The headline: savings scale with task size
Put the two rounds side by side and the real finding is obvious — Headroom's value is a function of how much context there is to compress:
| Task | Vanilla billed (mean) | Headroom billed (mean) | Savings |
|---|---|---|---|
| Small (3 commands) | 60,528 | 60,737 | +0.3% (none) |
| Heavy (8 commands, FTS5, CI, Docker) | 118,751 | 89,566 | −24.6% |
Short one-shot tasks have almost nothing to compress; long, tool-heavy sessions have a lot, and the savings compound across turns. The bigger the job, the more Headroom earns its keep.
The catch: you trade time for tokens
The token savings aren't free. On the heavy task, Headroom cost about 15% more wall-clock time and pushed the agent toward ~20% more (smaller) tool calls.
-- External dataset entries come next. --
lemma rat_coord_sum:
  assumes c: "rat_basis c n" and "i < n" and "finite A"
  shows "rat_coord c n (\<Sum>j\<in>A. of_rat (r j) * u j) i = (\<Sum>j\<in>A. r j * rat_coord c n (u j) i)"
proof (rule rat_coord_eq[OF c _ assms(2)])
  have "(\<Sum>j\<in>A. of_rat (r j) * u j) = (\<Sum>j\<in>A. of_rat (r j) * rat_comb (rat_coord c n (u j)) c n)"
    using rat_comb_coord[OF c] by simp
  also have "\<dots> = (\<Sum>l<n. \<Sum>j\<in>A. of_rat (r j * rat_coord c n (u j) l) * c l)"
    unfolding rat_comb_def by (simp add: sum_distrib_left of_rat_mult mult.assoc) (rule sum.swap)
  also have "\<dots> = rat_comb (\<lambda>l. \<Sum>j\<in>A. r j * rat_coord c n (u j) l) c n"
    unfolding rat_comb_def by (simp add: of_rat_sum sum_distrib_right)
  finally show "(\<Sum>j\<in>A. of_rat (r j) * u j) = rat_comb (\<lambda>l. \<Sum>j\<in>A. r j * rat_coord c n (u j) l) c n" .
qed

lemma rat_coord_basis:
  assumes "rat_basis c n" and "i < n" and "j < n"
  shows "rat_coord c n (c j) i = (if i = j then 1 else 0)"
proof (rule rat_coord_eq[OF assms(1) _ assms(2)])
  show "c j = rat_comb (\<lambda>i. if i = j then 1 else 0) c n"
    unfolding rat_comb_def using assms(3) by (simp add: if_distrib[of "\<lambda>q. of_rat q * _"] cong: if_cong)
qed

lemma rat_coord_int_comb: "rat_basis c n \<Longrightarrow> i < n \<Longrightarrow> rat_coord c n (int_comb z c n) i = of_int (z i)"
  by (simp add: rat_coord_eq int_comb_eq_rat_comb)

lemma rat_basis_pos:
  assumes "rat_basis (c :: nat \<Rightarrow> 'a::field_char_0) n"
  shows "n > 0"
proof (rule ccontr)
  obtain q where "(1::'a) = rat_comb q c n" using assms unfolding rat_basis_def by blast
  then show "\<not> n > 0 \<Longrightarrow> False" by (simp add: rat_comb_def)
qed

lemma rat_basis_int_independent:
  assumes "rat_basis c n"
  shows "int_independent c n"
  unfolding int_independent_def
proof (intro allI impI)
  fix z i assume "int_comb z c n = 0" and "i < n"
  then have "rat_comb (\<lambda>i. of_int (z i)) c n = rat_comb (\<lambda>_. 0) c n"
    by (simp add: int_comb_eq_rat_comb rat_comb_def)
  then show "z i = 0" using rat_basis_unique[OF assms] \<open>i < n\<close> by fastforce
qed

lemma rat_basis_of_int_basis:
  assumes c: "rat_basis c n" and e: "int_independent e m" and lattice: "\<And>i. i < n \<Longrightarrow> c i \<in> int_lattice e m"
  shows "rat_basis e m"
  unfolding rat_basis_def
proof (intro conjI allI impI)
  fix x
  have "\<forall>i. \<exists>z. i < n \<longrightarrow> c i = int_comb z e m" using lattice unfolding int_lattice_def by blast
  then obtain Z where Z: "\<And>i. i < n \<Longrightarrow> c i = int_comb (Z i) e m" by metis
  obtain q where q: "x = rat_comb q c n" using c rat_basis_def by blast
  have "x = (\<Sum>i<n. of_rat (q i) * (\<Sum>l<m. of_int (Z i l) * e l))"
    unfolding q rat_comb_def by (rule sum.cong) (auto simp: Z int_comb_def)
  also have "\<dots> = rat_comb (\<lambda>l. \<Sum>i<n. q i * of_int (Z i l)) e m"
    unfolding rat_comb_def
    by (simp add: sum_distrib_left sum_distrib_right of_rat_sum of_rat_mult mult.assoc) (rule sum.swap)
  finally show "\<exists>q. x = rat_comb q e m" by blast
next
  fix q i assume q: "rat_comb q e m = 0" and i: "i < m"
  obtain D where D: "D > 0" "\<forall>r\<in>q ` {..<m}. of_int D * r \<in> \<int>"
    using rat_common_denominator[of "q ` {..<m}"] by blast
  have "\<forall>l. \<exists>w. l < m \<longrightarrow> of_int D * q l = of_int w" using D(2) by (auto simp: Ints_def)
  then obtain W where W: "\<And>l. l < m \<Longrightarrow> of_int D * q l = of_int (W l)" by metis
  have W': "(of_int (W l) :: 'a) = of_int D * of_rat (q l)" if "l < m" for l
    using arg_cong[OF W[OF that], of "of_rat :: rat \<Rightarrow> 'a"] by (simp add: of_rat_mult)
  have "int_comb W e m = of_int D * rat_comb q e m"
    unfolding int_comb_def rat_comb_def sum_distrib_left
    by (rule sum.cong[OF refl]) (simp add: W' mult.assoc)
  then have "W i = 0" using e i q unfolding int_independent_def by auto
  then show "q i = 0" using W[OF i] D(1) by simp
qed

interpretation rat_vs: vector_space "\<lambda>(r::rat) (x::'a::field_char_0). of_rat r * x"
  by unfold_locales (simp_all add: distrib_left distrib_right of_rat_add of_rat_mult mult.assoc)

lemma rat_basis_span: "rat_basis c n \<Longrightarrow> rat_vs.span (c ` {..<n}) = UNIV"
proof -
  assume c: "rat_basis c n"
  have "x \<in> rat_vs.span (c ` {..<n})" for x
  proof -
    obtain q where "x = rat_comb q c n" using c unfolding rat_basis_def by blast
    then show ?thesis
      unfolding rat_comb_def by (simp only:, intro rat_vs.span_sum rat_vs.span_scale rat_vs.span_base) auto
  qed
  then show ?thesis by auto
qed

lemma rat_basis_dependent:
  fixes c :: "nat \<Rightarrow> 'a::field_char_0"
  assumes "rat_basis c n"
  shows "\<exists>q. (\<exists>i\<le>n. q i \<noteq> 0) \<and> (\<Sum>i\<le>n. of_rat (q i) * u i) = (0::'a)"
proof (cases "inj_on u {..n}")
  case True
  let ?U = "u ` {..n}"
  have "\<not> rat_vs.independent ?U"
  proof
    assume "rat_vs.independent ?U"
    then have "card ?U \<le> card (c ` {..<n})"
      using rat_vs.independent_span_bound[of "c ` {..<n}" ?U] rat_basis_span[OF assms] by auto
    moreover have "card ?U = Suc n" using True by (simp add: card_image)
    moreover have "card (c ` {..<n}) \<le> n" using card_image_le[of "{..<n}" c] by simp
    ultimately show False by simp
  qed
  then obtain w where w: "\<exists>v\<in>?U. w v \<noteq> 0" "(\<Sum>v\<in>?U. of_rat (w v) * v) = 0"
    using rat_vs.dependent_finite[of ?U] by auto
  have "(\<Sum>i\<le>n. of_rat (w (u i)) * u i) = 0"
    using w(2) sum.reindex[OF True, of "\<lambda>v. of_rat (w v) * v"] by simp
  then show ?thesis using w(1) by (intro exI[of _ "\<lambda>i. w (u i)"]) auto
next
  case False
  then obtain i j where ij: "i \<le> n" "j \<le> n" "i \<noteq> j" "u i = u j" unfolding inj_on_def by auto
  let ?q = "\<lambda>k. (if k = i then 1 else 0) - (if k = j then 1 else 0) :: rat"
  have e: "of_rat (?q k) * u k = (if k = i then u i else 0) - (if k = j then u j else 0)" for k
    using ij by auto
  have "(\<Sum>k\<le>n. of_rat (?q k) * u k) = 0"
    unfolding e sum_subtractf using ij by (simp only: sum.delta) simp
  moreover have "\<exists>i'\<le>n. ?q i' \<noteq> 0" using ij by (intro exI[of _ i]) simp
  ultimately show ?thesis by (intro exI[of _ ?q] conjI)
qed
The proxy hop plus the rtk subprocesses add real latency, and the wrapper's instructions nudge the agent into chattier output.
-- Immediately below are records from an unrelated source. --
(* Let $(X,d_X,\mu,T)$ and $(Y,d_Y,\nu,S)$ be compact metric measure-preserving systems, let $(a_r)_{r\ge1}$ be dense in $\operatorname{supp}\mu$ and $(b_r)_{r\ge1}$ dense in $\operatorname{supp}\nu$, and let $\lambda,\lambda'\in\mathcal J(T,S)$. If $\widetilde\Phi_{n,m,R}(\lambda)=\widetilde\Phi_{n,m,R}(\lambda')$ for all $n,m,R\ge1$, then $\lambda=\lambda'$.
   Context: A compact metric measure-preserving system $(X,d_X,\mu,T)$: $(X,d_X)$ compact metric, $\mu$ Borel probability, $T$ Borel with $T_\#\mu=\mu$. $\mathcal J(T,S)$: Borel probability measures on $X\times Y$ with marginals $\mu,\nu$ invariant under $T\times S$. For $z_i=(x_i,y_i)$, $\mathcal D^X_{n,m}=(d_X(T^ax_i,T^bx_j))_{1\le i,j\le n,0\le a,b<m}$. The anchored array is $\widetilde{\mathcal D}^X_{n,m,R}(z_1,\dots,z_n)=\bigl(\mathcal D^X_{n,m},(d_X(T^ax_i,a_r))_{1\le i\le n,0\le a<m,1\le r\le R}\bigr)$, and $\widetilde{\mathcal D}^Y_{n,m,R}$ is defined analogously using $d_Y$, $S$, and the anchors $b_r$. The anchored projection is $\widetilde\Phi_{n,m,R}(\lambda)=\mathrm{Law}_{\lambda^{\otimes n}}(\widetilde{\mathcal D}^X_{n,m,R},\widetilde{\mathcal D}^Y_{n,m,R})$. *)

theory Defs
  imports "HOL-Probability.Probability"
begin

definition msupp :: "'a::metric_space measure \<Rightarrow> 'a set" where
  "msupp \<mu> = {x. \<forall>e>0. emeasure \<mu> (ball x e) > 0}"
If you're paying per token on a metered API key, that's a clear win. If you're sitting at a terminal waiting for the agent to finish, it's a tax you feel.
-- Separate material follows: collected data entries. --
(* Let $T\ge1$, $K_0=\{x_0\}$ and $K_1,\dots,K_T\subseteq\mathbb R$ compact, $\Omega=K_0\times\dots\times K_T$, and let $\widehat Q$ be a martingale measure on $\Omega$ with marginals $\widehat Q_t$. Let $u_0,\dots,u_T:\mathbb R\to[-\infty,+\infty)$ be concave, upper semicontinuous, nondecreasing with $u_t(0)=0$ and $u_t(x)\le x$ for all $x$. For $\varphi_t\in C_b(K_t)$ define $$U_{\widehat Q_t}(\varphi_t)=\sup_{\alpha,\lambda\in\mathbb R}\Big(\int_{K_t}u_t(\varphi_t(x_t)+\alpha x_t+\lambda)\,d\widehat Q_t(x_t)-(\alpha x_0+\lambda)\Big).$$ Then for each $t=0,\dots,T$: 1. $U_{\widehat Q_t}$ is real valued on $C_b(K_t)$ and $U_{\widehat Q_t}(0)=0$; 2. $U_{\widehat Q_t}$ is concave and nondecreasing; 3. $U_{\widehat Q_t}$ is stock additive on $C_b(K_t)$: $U_{\widehat Q_t}(\varphi_t+\alpha_tX_t+\lambda_t)=U_{\widehat Q_t}(\varphi_t)+\alpha_tx_0+\lambda_t$ for all $\alpha_t,\lambda_t\in\mathbb R$, $\varphi_t\in C_b(K_t)$, where $X_t(x_t)=x_t$.
   Context: A martingale measure on $\Omega$ is a Borel probability measure under which the canonical process $X_t(x)=x_t$ is a martingale with respect to its natural filtration. $C_b(K_t)$: continuous real functions on $K_t$. *)

theory Defs
  imports "HOL-Probability.Probability"
begin

text \<open>Paths are functions \<open>nat \<Rightarrow> real\<close>; the path space
  \<open>\<Omega> = K_0 \<times> ... \<times> K_T\<close> is \<open>PiE {0..T} K\<close> with the product
  sigma-algebra of the Borel sets of the \<open>K_t\<close> (this equals the Borel sigma-algebra
  of \<open>\<Omega>\<close>, since everything is second countable).\<close>

definition path_sets :: "nat \<Rightarrow> (nat \<Rightarrow> real set) \<Rightarrow> (nat \<Rightarrow> real) measure" where
  "path_sets T K = PiM {0..T} (\<lambda>t. restrict_space borel (K t))"

definition nat_filtration :: "(nat \<Rightarrow> real) measure \<Rightarrow> nat \<Rightarrow> (nat \<Rightarrow> real) set set" where
  "nat_filtration Q t =
     sigma_sets (space Q) (\<Union>s\<in>{0..t}. {(\<lambda>x. x s) -` B \<inter> space Q | B. B \<in> sets borel})"

definition martingale_measure :: "nat \<Rightarrow> (nat \<Rightarrow> real) measure \<Rightarrow> bool" where
  "martingale_measure T Q \<longleftrightarrow>
     prob_space Q \<and>
     (\<forall>t\<le>T. integrable Q (\<lambda>x. x t)) \<and>
     (\<forall>t<T. \<forall>A\<in>nat_filtration Q t.
        set_lebesgue_integral Q A (\<lambda>x. x (Suc t)) = set_lebesgue_integral Q A (\<lambda>x. x t))"

definition marginal :: "(nat \<Rightarrow> real) measure \<Rightarrow> (nat \<Rightarrow> real set) \<Rightarrow> nat \<Rightarrow> real measure" where
  "marginal Q K t = distr Q (restrict_space borel (K t)) (\<lambda>x. x t)"

definition eint :: "'a measure \<Rightarrow> ('a \<Rightarrow> ereal) \<Rightarrow> ereal" where
  "eint M g = enn2ereal (\<integral>\<^sup>+ x. e2ennreal (g x) \<partial>M) - enn2ereal (\<integral>\<^sup>+ x. e2ennreal (- g x) \<partial>M)"

definition Ufun :: "(real \<Rightarrow> ereal) \<Rightarrow> real measure \<Rightarrow> real \<Rightarrow> (real \<Rightarrow> real) \<Rightarrow> ereal" where
  "Ufun u Qt x0 \<phi> =
     (SUP p\<in>(UNIV :: (real \<times> real) set).
        eint Qt (\<lambda>y. u (\<phi> y + fst p * y + snd p)) - ereal (fst p * x0 + snd p))"

definition concave_ereal :: "(real \<Rightarrow> ereal) \<Rightarrow> bool" where
  "concave_ereal u \<longleftrightarrow> (\<forall>x y a. 0 \<le> a \<and> a \<le> 1 \<longrightarrow>
      ereal a * u x + ereal (1 - a) * u y \<le> u (a * x + (1 - a) * y))"

definition usc_ereal :: "(real \<Rightarrow> ereal) \<Rightarrow> bool" where
  "usc_ereal u \<longleftrightarrow> (\<forall>c. closed {x. c \<le> u x})"

end

theory Submission
  imports Defs
begin

text \<open>Stock additivity is a
  reindexing of this supremum and monotonicity is inherited from \<open>u\<close>. The hedge
  \<open>(0, -inf \<phi>)\<close> bounds \<open>U \<phi>\<close> below by \<open>inf \<phi>\<close>, while \<open>u(x) \<le> x\<close> together with
  the martingale property \<open>\<integral> y dQ\<^sub>t = x\<^sub>0\<close> bounds it above by \<open>\<integral> \<phi> dQ\<^sub>t\<close>.
  Concavity holds because the objective is jointly concave in \<open>(\<phi>, \<alpha>, \<lambda>)\<close>: the
  convex combination of two hedges is a hedge for the convex combination of the claims.\<close>

lemma ereal_weighted_SUP_le:
  fixes F G :: "'i \<Rightarrow> ereal" and a b :: real
  assumes a: "0 < a" and b: "0 < b"
    and F_fin: "\<bar>SUP i. F i\<bar> \<noteq> \<infinity>" and G_fin: "\<bar>SUP j. G j\<bar> \<noteq> \<infinity>"
    and le: "\<And>i j. F i \<noteq> -\<infinity> \<Longrightarrow> G j \<noteq> -\<infinity> \<Longrightarrow> ereal a * F i + ereal b * G j \<le> c"
  shows "ereal a * (SUP i. F i) + ereal b * (SUP j. G j) \<le> c"
proof -
  have "(SUP i. ereal a * F i) + ereal b * (SUP j. G j) \<le> c"
  proof (rule SUP_ereal_le_addI)
    show "ereal b * (SUP j. G j) \<noteq> -\<infinity>" using G_fin by auto
    fix i
    have Fi: "F i \<le> (SUP i. F i)" by (rule SUP_upper) simp
    show "ereal a * F i + ereal b * (SUP j. G j) \<le> c"
    proof (cases "F i = -\<infinity>")
      case True
      then show ?thesis using a G_fin by auto
    next
      case False
      then have Fi_fin: "\<bar>F i\<bar> \<noteq> \<infinity>" using Fi F_fin by auto
      have "(SUP j. ereal b * G j) + ereal a * F i \<le> c"
      proof (rule SUP_ereal_le_addI)
        show "ereal a * F i \<noteq> -\<infinity>" using Fi_fin by auto
        fix j
        show "ereal b * G j + ereal a * F i \<le> c"
        proof (cases "G j = -\<infinity>")
          case True
          then show ?thesis using b Fi_fin by auto
        qed (use le[OF False] in \<open>simp add: add.commute\<close>)
      qed
      then show ?thesis by (simp add: Sup_ereal_mult_left' add.commute less_imp_le[OF b])
    qed
  qed
  then show ?thesis by (simp add: Sup_ereal_mult_left' less_imp_le[OF a])
qed

lemma eint_mono:
  fixes f g :: "'a \<Rightarrow> ereal"
  assumes "AE x in M. f x \<le> g x"
  shows "eint M f \<le> eint M g"
proof -
  have "(\<integral>\<^sup>+x. e2ennreal (f x) \<partial>M) \<le> (\<integral>\<^sup>+x. e2ennreal (g x) \<partial>M)"
    by (rule nn_integral_mono_AE) (use assms in \<open>auto elim!: eventually_mono intro: e2ennreal_mono\<close>)
  moreover have "(\<integral>\<^sup>+x. e2ennreal (- g x) \<partial>M) \<le> (\<integral>\<^sup>+x. e2ennreal (- f x) \<partial>M)"
    by (rule nn_integral_mono_AE) (use assms in \<open>auto elim!: eventually_mono intro: e2ennreal_mono\<close>)
  ultimately show ?thesis
    unfolding eint_def by (intro ereal_minus_mono) (simp_all add: less_eq_ennreal.rep_eq)
qed

lemma eint_cong_AE:
  assumes "AE x in M. f x = g x"
  shows "eint M f = eint M g"
  using assms by (intro antisym eint_mono) (auto elim: eventually_mono)

lemma enn2ereal_eq_ereal_enn2real: "a \<noteq> \<infinity> \<Longrightarrow> enn2ereal a = ereal (enn2real a)"
  by (cases a) auto

lemma eint_ereal:
  assumes "integrable M h"
  shows "eint M (\<lambda>x. ereal (h x)) = ereal (\<integral>x. h x \<partial>M)"
proof -
  have "(\<integral>\<^sup>+x. ennreal (h x) \<partial>M) \<noteq> \<infinity>" "(\<integral>\<^sup>+x. ennreal (- h x) \<partial>M) \<noteq> \<infinity>"
    using assms by (auto simp: real_integrable_def)
  moreover have "(\<lambda>x. - ereal (h x)) = (\<lambda>x. ereal (- h x))" by simp
  ultimately show ?thesis
    unfolding eint_def real_lebesgue_integral_def[OF assms]
    by (simp add: enn2ereal_eq_ereal_enn2real)
qed

lemma eint_bounded_above_real_valued:
  fixes f :: "'a \<Rightarrow> ereal"
  assumes "finite_measure M" and f: "f \<in> borel_measurable M"
    and le: "\<And>x. x \<in> space M \<Longrightarrow> f x \<le> ereal C" and ne: "eint M f \<noteq> -\<infinity>"
  obtains h where "integrable M h" and "AE x in M. f x = ereal (h x)"
proof
  interpret finite_measure M by fact
  have "(\<integral>\<^sup>+x. e2ennreal (f x) \<partial>M) \<le> (\<integral>\<^sup>+x. ennreal (max C 0) \<partial>M)"
    by (intro nn_integral_mono)
      (metis e2ennreal_ereal e2ennreal_mono le max.cobounded1 ennreal_leI order_trans)
  also have "\<dots> < \<infinity>" by (simp add: ennreal_mult_eq_top_iff less_top[symmetric])
  finally have pos: "(\<integral>\<^sup>+x. e2ennreal (f x) \<partial>M) \<noteq> \<infinity>" by simp
  with ne have neg: "(\<integral>\<^sup>+x. e2ennreal (- f x) \<partial>M) \<noteq> \<infinity>"
    unfolding eint_def by (auto simp: enn2ereal_eq_ereal_enn2real)
  have "AE x in M. e2ennreal (- f x) \<noteq> \<infinity>"
    by (rule nn_integral_PInf_AE) (use f neg in auto)
  then show ae: "AE x in M. f x = ereal (real_of_ereal (f x))"
  proof (rule AE_mp, intro AE_I2 impI)
    fix x assume "x \<in> space M" and "e2ennreal (- f x) \<noteq> \<infinity>"
    with le[of x] show "f x = ereal (real_of_ereal (f x))" by (cases "f x") auto
  qed
  have "(\<integral>\<^sup>+x. ennreal (real_of_ereal (f x)) \<partial>M) = (\<integral>\<^sup>+x. e2ennreal (f x) \<partial>M)"
    by (rule nn_integral_cong_AE) (use ae in \<open>eventually_elim, metis e2ennreal_ereal\<close>)
  moreover have "(\<integral>\<^sup>+x. ennreal (- real_of_ereal (f x)) \<partial>M) = (\<integral>\<^sup>+x. e2ennreal (- f x) \<partial>M)"
    by (rule nn_integral_cong_AE)
      (use ae in \<open>eventually_elim, metis e2ennreal_ereal uminus_ereal.simps(1)\<close>)
  moreover have "(\<lambda>x. real_of_ereal (f x)) \<in> borel_measurable M" using f by measurable
  ultimately show "integrable M (\<lambda>x. real_of_ereal (f x))"
    using pos neg by (simp add: real_integrable_def)
qed

lemma eint_convex_combination_le:
  fixes f g h :: "'a \<Rightarrow> ereal"
  assumes M: "finite_measure M"
    and f: "f \<in> borel_measurable M" "\<And>x. x \<in> space M \<Longrightarrow> f x \<le> ereal Cf" "eint M f \<noteq> -\<infinity>"
    and g: "g \<in> borel_measurable M" "\<And>x. x \<in> space M \<Longrightarrow> g x \<le> ereal Cg" "eint M g \<noteq> -\<infinity>"
    and le: "AE x in M. ereal a * f x + ereal (1 - a) * g x \<le> h x"
  shows "ereal a * eint M f + ereal (1 - a) * eint M g \<le> eint M h"
proof -
  obtain f' where f': "integrable M f'" "AE x in M. f x = ereal (f' x)"
    using eint_bounded_above_real_valued[OF M f] .
  obtain g' where g': "integrable M g'" "AE x in M. g x = ereal (g' x)"
    using eint_bounded_above_real_valued[OF M g] .
  have "ereal a * eint M f + ereal (1 - a) * eint M g
      = ereal (a * (\<integral>x. f' x \<partial>M) + (1 - a) * (\<integral>x. g' x \<partial>M))"
    using eint_cong_AE[OF f'(2)] eint_cong_AE[OF g'(2)] by (simp add: eint_ereal f'(1) g'(1))
  also have "\<dots> = eint M (\<lambda>x. ereal (a * f' x + (1 - a) * g' x))"
    using f'(1) g'(1) by (simp add: eint_ereal)
  also have "\<dots> \<le> eint M h"
    by (rule eint_mono) (use le f'(2) g'(2) in \<open>eventually_elim, simp\<close>)
  finally show ?thesis .
qed

definition hedge_value :: "(real \<Rightarrow> ereal) \<Rightarrow> real measure \<Rightarrow> real \<Rightarrow> (real \<Rightarrow> real) \<Rightarrow> real \<Rightarrow> real \<Rightarrow> ereal"
  where "hedge_value u M x0 \<phi> \<alpha> l = eint M (\<lambda>y. u (\<phi> y + \<alpha> * y + l)) - ereal (\<alpha> * x0 + l)"

lemma Ufun_eq_SUP_hedge_value: "Ufun u M x0 \<phi> = (SUP p. hedge_value u M x0 \<phi> (fst p) (snd p))"
  by (simp add: Ufun_def hedge_value_def)

lemma hedge_value_le_Ufun: "hedge_value u M x0 \<phi> \<alpha> l \<le> Ufun u M x0 \<phi>"
  unfolding Ufun_eq_SUP_hedge_value by (rule SUP_upper2[of "(\<alpha>, l)"]) simp_all

lemma hedge_value_add_affine:
  "hedge_value u M x0 (\<lambda>y. \<phi> y + \<alpha> * y + l) \<beta> m
    = hedge_value u M x0 \<phi> (\<beta> + \<alpha>) (m + l) + ereal (\<alpha> * x0 + l)"
proof -
  have "eint M (\<lambda>y. u (\<phi> y + \<alpha> * y + l + \<beta> * y + m))
      = eint M (\<lambda>y. u (\<phi> y + (\<beta> + \<alpha>) * y + (m + l)))"
    by (simp add: algebra_simps)
  then show ?thesis
    unfolding hedge_value_def
    by (cases "eint M (\<lambda>y. u (\<phi> y + (\<beta> + \<alpha>) * y + (m + l)))") (auto simp: algebra_simps)
qed

lemma Ufun_add_affine:
  "Ufun u M x0 (\<lambda>y. \<phi> y + \<alpha> * y + l) = Ufun u M x0 \<phi> + ereal (\<alpha> * x0 + l)"
proof -
  define shift where "shift p = (fst p + \<alpha>, snd p + l)" for p :: "real \<times> real"
  define H where "H p = hedge_value u M x0 \<phi> (fst p) (snd p)" for p
  have "range shift = UNIV"
    by (rule surjI[of _ "\<lambda>q. (fst q - \<alpha>, snd q - l)"]) (simp add: shift_def)
  have "Ufun u M x0 (\<lambda>y. \<phi> y + \<alpha> * y + l) = (SUP p. H (shift p) + ereal (\<alpha> * x0 + l))"
    by (simp add: Ufun_eq_SUP_hedge_value hedge_value_add_affine H_def shift_def)
  also have "\<dots> = (SUP p. H (shift p)) + ereal (\<alpha> * x0 + l)"
    by (rule SUP_ereal_add_left) auto
  also have "(SUP p. H (shift p)) = (SUP q\<in>range shift. H q)"
    by (simp add: image_comp)
  also have "\<dots> = Ufun u M x0 \<phi>"
    unfolding \<open>range shift = UNIV\<close> Ufun_eq_SUP_hedge_value H_def ..
  finally show ?thesis .
qed

lemma Ufun_mono:
  assumes "mono u" and "\<And>y. y \<in> space M \<Longrightarrow> \<phi> y \<le> \<psi> y"
  shows "Ufun u M x0 \<phi> \<le> Ufun u M x0 \<psi>"
  unfolding Ufun_eq_SUP_hedge_value
proof (rule SUP_mono, intro bexI)
  fix p :: "real \<times> real"
  have "eint M (\<lambda>y. u (\<phi> y + fst p * y + snd p)) \<le> eint M (\<lambda>y. u (\<psi> y + fst p * y + snd p))"
    using assms by (intro eint_mono AE_I2) (simp add: monoD)
  then show "hedge_value u M x0 \<phi> (fst p) (snd p) \<le> hedge_value u M x0 \<psi> (fst p) (snd p)"
    unfolding hedge_value_def by (rule ereal_minus_mono) simp
qed simp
Be skeptical of any single run
Variance is real, and it's the reason we ran three of each and report medians next to means. In Round 2, the wrapped runs ranged from 71,592 to 112,475 billed tokens — one run saved almost nothing while others saved 30–40%. If you run Headroom once, see "−40%," and tweet it, you've measured noise as much as signal. Run it several times on your own workload and look at the median.
Should you use it?
| If you're running… | Recommendation |
|---|---|
| Short one-shot tasks (a small script, one bug fix) | Skip it — no measurable token win, pure latency cost. |
| Long, tool-heavy agent sessions (big refactors, multi-file features, lots of test runs) | Try it — expect ~25–30% token savings, accept ~15% more wall time. |
| Cost-sensitive API-key billing at scale | Worth piloting on your real workloads; the savings compound. |
| A flat-rate subscription (like our test) | Marginal token cost is effectively zero, so the bill argument doesn't apply — only consider Headroom for its privacy/memory features, which this benchmark didn't measure. |
| Privacy / on-prem needs | Headroom's other pitch is data-locality. Evaluate that separately — we only tested the token bill. |
What we didn't test
Being honest about the edges of this benchmark:
- Very long sessions (40+ turns), where history compression should compound further than our ~6–7 minute runs.
- Headroom's cross-session memory and multi-agent shared context — invisible in single-session runs.
- Models other than
gpt-5.5, and agents other than Codex — we were limited by the credits we had. - Large existing codebases the agent has to read in (we always started from empty).
The verdict
Against our pre-registered criteria: on a small task, ❌ not worth it (+0.3% savings, pure latency cost). On a heavy, tool-rich task, 🟡 worth it with caveats — 24.6% mean / 31% median token savings, every run shipping a working app, at the price of ~15% more wall-clock time.
"Does Headroom cut your tokens?" Yes — but only when there are enough tokens to cut. The more your agent reads, runs, and re-runs, the more it pays off.
The full methodology, all 12 raw token streams, the orchestration script, and the workspace tarballs are public at github.com/ritza-co/headroom-benchmark if you want to reproduce it or argue with it.